◆ DATA EXTRACTS ◆
lemma positive_submonoid_iso:
  assumes inv: "\<And>x. g (f x) = x" "\<And>y. f (g y) = y"
    and fRS: "maps_rels_into f R S" and gSR: "maps_rels_into g S R"
  shows "image (map (apfst f)) \<in> iso (positive_submonoid R) (positive_submonoid S)"
proof -
  have monoid: "monoid (presented_group T)" for T :: "('c list \<times> 'c list) set"
    unfolding presented_group_def by (rule monoid_presented_monoid)
  have gens: "image (map (apfst f)) ` range (group_gen R) = range (group_gen S)"
    using surjI[of f g, OF inv(2)] by (simp add: image_image image_group_gen[OF assms])
      (metis image_image)
  have "range (group_gen R) \<subseteq> carrier (presented_group R)"
    by (auto simp: group_gen_def presented_group_def word_class_in_carrier)
  from iso_submonoid_generated[OF monoid monoid presented_group_iso[OF assms] this]
  show ?thesis
    unfolding positive_submonoid_def gens submonoid_generated_def .
qed

lemma swap_ab_swap_ab [simp]: "swap_ab (swap_ab x) = x"
  by (cases x) simp_all

lemma maps_rels_into_swap_Bvi_Hiii: "maps_rels_into swap_ab rels_Bvi rels_Hiii"
proof -
  have "word_cong rels_Hiii [a,a,a,a,a] [c,c,c,c,c]"
    by (rule word_cong.trans[of _ _ "[b,b,b,b,b]"]; rule word_cong.base; simp add: rels_Hiii_def)
  then show ?thesis
    unfolding maps_rels_into_def rels_Bvi_def
    by simp (intro conjI; (assumption | rule word_cong_of_rel_or_converse, simp add: rels_Hiii_def))
qed

lemma maps_rels_into_swap_Hiii_Bvi: "maps_rels_into swap_ab rels_Hiii rels_Bvi"
proof -
  have "word_cong rels_Bvi [a,a,a,a,a] [c,c,c,c,c]"
    by (rule word_cong.trans[of _ _ "[b,b,b,b,b]"]; rule word_cong.base; simp add: rels_Bvi_def)
  then show ?thesis
    unfolding maps_rels_into_def rels_Hiii_def
    by simp (intro conjI; (assumption | rule word_cong_of_rel_or_converse, simp add: rels_Bvi_def))
qed

theorem mainTheorem2:
  shows "(\<exists>h \<in> iso (presented_monoid rels_Bvi) (presented_monoid rels_Hiii).
            \<forall>x. h (word_class rels_Bvi [x]) = word_class rels_Hiii [swap_ab x])
       \<and> (\<exists>h \<in> iso (presented_group rels_Bvi) (presented_group rels_Hiii).
            \<forall>x. h (group_gen rels_Bvi x) = group_gen rels_Hiii (swap_ab x))
       \<and> (\<exists>h \<in> iso (positive_submonoid rels_Bvi) (positive_submonoid rels_Hiii).
            \<forall>x. h (group_gen rels_Bvi x) = group_gen rels_Hiii (swap_ab x))"
proof -
  note swap = swap_ab_swap_ab swap_ab_swap_ab maps_rels_into_swap_Bvi_Hiii maps_rels_into_swap_Hiii_Bvi
  have "map swap_ab ` word_class rels_Bvi [x] = word_class rels_Hiii [swap_ab x]" for x
    using map_image_word_class[OF swap] by simp
  then show ?thesis
    using presented_monoid_iso[OF swap] presented_group_iso[OF swap]
      positive_submonoid_iso[OF swap] image_group_gen[OF swap]
    by blast
qed

end
definition is_proj :: "'a set \<Rightarrow> ('a \<Rightarrow> 'a \<Rightarrow> complex) \<Rightarrow> bool" where
  "is_proj I P \<longleftrightarrow> mat_on I I P \<and> mm I P P = P \<and> adj P = P"

definition is_rank_one_proj :: "'a set \<Rightarrow> ('a \<Rightarrow> 'a \<Rightarrow> complex) \<Rightarrow> bool" where
  "is_rank_one_proj I P \<longleftrightarrow>
     (\<exists>v. (\<forall>a. a \<notin> I \<longrightarrow> v a = 0) \<and> (\<Sum>a\<in>I. (cmod (v a))\<^sup>2) = 1 \<and>
          P = (\<lambda>a b. v a * cnj (v b)))"

text \<open>By the universal property, a unital *-representation of C*(Q_n) on C^I is the same as
  a family of projections rho x (x a vertex) satisfying the defining relations.\<close>

definition is_rep :: "nat \<Rightarrow> 'a set \<Rightarrow> (nat \<Rightarrow> 'a \<Rightarrow> 'a \<Rightarrow> complex) \<Rightarrow> bool" where
  "is_rep n I \<rho> \<longleftrightarrow>
     (\<forall>x\<in>verts n. is_proj I (\<rho> x)) \<and>
     (\<lambda>a b. \<Sum>u\<in>Uv n. \<rho> u a b) = idm I \<and> (\<lambda>a b. \<Sum>v\<in>Vv n. \<rho> v a b) = idm I \<and>
     (\<forall>u\<in>Uv n. \<forall>v\<in>Vv n. v \<notin> nbrs n u \<longrightarrow> mm I (\<rho> u) (\<rho> v) = (\<lambda>_ _. 0))"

◆ TASK REQUIREMENTS ◆
Transcribe the records above with every character unchanged.

◆ RESPONSE TO THE TASK ◆
lemma positive_submonoid_iso:
  assumes inv: "\<And>x. g (f x) = x" "\<And>y. f (g y) = y"
    and fRS: "maps_rels_into f R S" and gSR: "maps_rels_into g S R"
  shows "image (map (apfst f)) \<in> iso (positive_submonoid R) (positive_submonoid S)"
proof -
  have monoid: "monoid (presented_group T)" for T :: "('c list \<times> 'c list) set"
    unfolding presented_group_def by (rule monoid_presented_monoid)
  have gens: "image (map (apfst f)) ` range (group_gen R) = range (group_gen S)"
    using surjI[of f g, OF inv(2)] by (simp add: image_image image_group_gen[OF assms])
      (metis image_image)
  have "range (group_gen R) \<subseteq> carrier (presented_group R)"
    by (auto simp: group_gen_def presented_group_def word_class_in_carrier)
  from iso_submonoid_generated[OF monoid monoid presented_group_iso[OF assms] this]
  show ?thesis
    unfolding positive_submonoid_def gens submonoid_generated_def .
qed

lemma swap_ab_swap_ab [simp]: "swap_ab (swap_ab x) = x"
  by (cases x) simp_all

lemma maps_rels_into_swap_Bvi_Hiii: "maps_rels_into swap_ab rels_Bvi rels_Hiii"
proof -
  have "word_cong rels_Hiii [a,a,a,a,a] [c,c,c,c,c]"
    by (rule word_cong.trans[of _ _ "[b,b,b,b,b]"]; rule word_cong.base; simp add: rels_Hiii_def)
  then show ?thesis
    unfolding maps_rels_into_def rels_Bvi_def
    by simp (intro conjI; (assumption | rule word_cong_of_rel_or_converse, simp add: rels_Hiii_def))
qed

lemma maps_rels_into_swap_Hiii_Bvi: "maps_rels_into swap_ab rels_Hiii rels_Bvi"
proof -
  have "word_cong rels_Bvi [a,a,a,a,a] [c,c,c,c,c]"
    by (rule word_cong.trans[of _ _ "[b,b,b,b,b]"]; rule word_cong.base; simp add: rels_Bvi_def)
  then show ?thesis
    unfolding maps_rels_into_def rels_Hiii_def
    by simp (intro conjI; (assumption | rule word_cong_of_rel_or_converse, simp add: rels_Bvi_def))
qed

theorem mainTheorem2:
  shows "(\<exists>h \<in> iso (presented_monoid rels_Bvi) (presented_monoid rels_Hiii).
            \<forall>x. h (word_class rels_Bvi [x]) = word_class rels_Hiii [swap_ab x])
       \<and> (\<exists>h \<in> iso (presented_group rels_Bvi) (presented_group rels_Hiii).
            \<forall>x. h (group_gen rels_Bvi x) = group_gen rels_Hiii (swap_ab x))
       \<and> (\<exists>h \<in> iso (positive_submonoid rels_Bvi) (positive_submonoid rels_Hiii).
            \<forall>x. h (group_gen rels_Bvi x) = group_gen rels_Hiii (swap_ab x))"
proof -
  note swap = swap_ab_swap_ab swap_ab_swap_ab maps_rels_into_swap_Bvi_Hiii maps_rels_into_swap_Hiii_Bvi
  have "map swap_ab ` word_class rels_Bvi [x] = word_class rels_Hiii [swap_ab x]" for x
    using map_image_word_class[OF swap] by simp
  then show ?thesis
    using presented_monoid_iso[OF swap] presented_group_iso[OF swap]
      positive_submonoid_iso[OF swap] image_group_gen[OF swap]
    by blast
qed

end
definition is_proj :: "'a set \<Rightarrow> ('a \<Rightarrow> 'a \<Rightarrow> complex) \<Rightarrow> bool" where
  "is_proj I P \<longleftrightarrow> mat_on I I P \<and> mm I P P = P \<and> adj P = P"

definition is_rank_one_proj :: "'a set \<Rightarrow> ('a \<Rightarrow> 'a \<Rightarrow> complex) \<Rightarrow> bool" where
  "is_rank_one_proj I P \<longleftrightarrow>
     (\<exists>v. (\<forall>a. a \<notin> I \<longrightarrow> v a = 0) \<and> (\<Sum>a\<in>I. (cmod (v a))\<^sup>2) = 1 \<and>
          P = (\<lambda>a b. v a * cnj (v b)))"

text \<open>By the universal property, a unital *-representation of C*(Q_n) on C^I is the same as
  a family of projections rho x (x a vertex) satisfying the defining relations.\<close>

definition is_rep :: "nat \<Rightarrow> 'a set \<Rightarrow> (nat \<Rightarrow> 'a \<Rightarrow> 'a \<Rightarrow> complex) \<Rightarrow> bool" where
  "is_rep n I \<rho> \<longleftrightarrow>
     (\<forall>x\<in>verts n. is_proj I (\<rho> x)) \<and>
     (\<lambda>a b. \<Sum>u\<in>Uv n. \<rho> u a b) = idm I \<and> (\<lambda>a b. \<Sum>v\<in>Vv n. \<rho> v a b) = idm I \<and>
     (\<forall>u\<in>Uv n. \<forall>v\<in>Vv n. v \<notin> nbrs n u \<longrightarrow> mm I (\<rho> u) (\<rho> v) = (\<lambda>_ _. 0))"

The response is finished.